Since December 1, 2003, Garðskagaviti has been a protected cultural heritage site. This includes the original lighthouse and the outbuildings, as well as the stone base under the lighthouse, walkway around it, footbridge, handrails, and protective platforms around the base.

===1944 Lighthouse===
Construction on the second Garðskagaviti began on June 11, 1944, and was completed in just three months. The new lighthouse is located 215 meters southeast of the old one; it was built further from the shore to avoid erosion and sea spray, which caused limited visibility in bad weather.

The new lighthouse was designed by the engineer Axel Sveinsson. Its cylindrical concrete tower is 28.6 meters tall, measured from the foundation to the top, and the walls are 20 centimeters thick. The lighthouse was originally covered in a light-colored quartz, but it was later brushed with white protective sealant during repairs in 1986. Its lantern room is in the English style and originally used the lighting elements from the old Garðskagaviti, and putting them in the new structure increased the range of the light from 13 to 15.5 nautical miles. The fixture was converted to electric lighting in 1946, just two years after construction finished. In 1960, the original lens from 1897 was replaced with a quadruple rotating lens. The lighthouse was also capable of receiving radar signals. There was a residence for the lighthouse keeper built in 1933 that was used until 1979 and still stands today. The residence is now part of the museum.

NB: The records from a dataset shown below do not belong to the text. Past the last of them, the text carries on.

lemma range_d4_map: "range (d4_map k) = D4 k"
proof -
  have d4_map_elements:
    "d4_map k (False, False, False) = (\<lambda>(i, j). (i, j))"
    "d4_map k (True, False, True) = (\<lambda>(i, j). (j, 2 * k - 1 - i))"
    "d4_map k (False, True, True) = (\<lambda>(i, j). (2 * k - 1 - i, 2 * k - 1 - j))"
    "d4_map k (True, True, False) = (\<lambda>(i, j). (2 * k - 1 - j, i))"
    "d4_map k (False, True, False) = (\<lambda>(i, j). (2 * k - 1 - i, j))"
    "d4_map k (False, False, True) = (\<lambda>(i, j). (i, 2 * k - 1 - j))"
    "d4_map k (True, False, False) = (\<lambda>(i, j). (j, i))"
    "d4_map k (True, True, True) = (\<lambda>(i, j). (2 * k - 1 - j, 2 * k - 1 - i))"
    by (auto simp: fun_eq_iff reflect_def)
  show ?thesis
    unfolding D4_def Let_def UNIV_d4 image_insert image_empty d4_map_elements by (rule refl)
qed

lemma orbit_eq_range_d4_act:
  assumes "B \<subseteq> cells k"
  shows "orbit k B = range (\<lambda>u. d4_act k u ` B)"
proof -
  have "d4_act k u ` B = d4_map k u ` B" for u
    using assms by (intro image_cong) (auto simp: d4_act_def)
  then show ?thesis
    unfolding orbit_def range_d4_map[symmetric] by auto
qed

lemma card_orbits_Burnside:
  "real (card (orbits k r)) = 1 / 8 * (\<Sum>u\<in>UNIV. real (card {B \<in> boards k r. d4_act k u ` B = B}))"
proof -
  interpret group_action D4_group "boards k r" "board_action k r"
    by (rule group_action_boards)
  have "Group_Action.orbit D4_group (board_action k r) B = orbit k B" if "B \<in> boards k r" for B
    using that by (auto simp: Group_Action.orbit_def D4_group_def board_action_def orbit_eq_range_d4_act boards_def)
  then have "Group_Action.orbits D4_group (boards k r) (board_action k r) = orbits k r"
    by (auto simp: Group_Action.orbits_def Defs.orbits_def)
  moreover have "order D4_group = 8"
    by (simp add: order_def D4_group_def UNIV_d4)
  moreover have "invariants (boards k r) (board_action k r) u = {B \<in> boards k r. d4_act k u ` B = B}" for u
    by (auto simp: invariants_def board_action_def)
  ultimately have "card (orbits k r) * 8 = (\<Sum>u\<in>UNIV. card {B \<in> boards k r. d4_act k u ` B = B})"
    using burnside finite_boards by (simp add: D4_group_def)
  then have "real (card (orbits k r) * 8) = real (\<Sum>u\<in>UNIV. card {B \<in> boards k r. d4_act k u ` B = B})"
    by (rule arg_cong)
  then show ?thesis
    by (simp add: of_nat_sum)
qed

section \<open>Boards fixed by each symmetry\<close>

lemma funpow_2: "(f ^^ 2) x = f (f x)"
  by (simp add: numeral_eq_Suc)

lemma gbin_of_nat_divide:
  assumes "0 < L"
  shows "gbin a (real n / real L) = (if L dvd n then real (a choose (n div L)) else 0)"
proof (cases "L dvd n")
  case True
  then obtain q where "n = L * q" ..
  with assms show ?thesis by (simp add: gbin_def)
next
  case False
  have "real n / real L \<notin> \<int>"
  proof
    assume "real n / real L \<in> \<int>"
    then obtain z where "real n / real L = of_int z"
      by (auto elim: Ints_cases)
    with assms have "int n = int L * z"
      by (simp add: field_simps) (metis of_int_eq_iff of_int_mult of_int_of_nat_eq)
    with False show False
      by (metis dvd_triv_left int_dvd_int_iff)
  qed
  with False show ?thesis by (simp add: gbin_def)
qed

lemma fixed_boards_eq: "{B \<in> boards k r. f ` B = B} = {B. B \<subseteq> cells k \<and> f ` B = B \<and> card B = r}"
  by (auto simp: boards_def)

==Garðskagi Heritage and Maritime Museum==
In 1995, the Garðskagi Heritage and Maritime museum opened in the old outbuildings near the lighthouse. The museum houses 60 engines that Guðni Ingimundarson restored, and most are still functional. Its permanent exhibits include information about farming and fishing, and a large portion of the museum is dedicated to maritime artifacts. Items on display include a nine-meter-long, six-oared boat in the engeyjarlag (Engey island style) shape built in 1887. The boat belonged to Gunnar Hámundarson's fishery, which is Iceland's oldest working fishing company.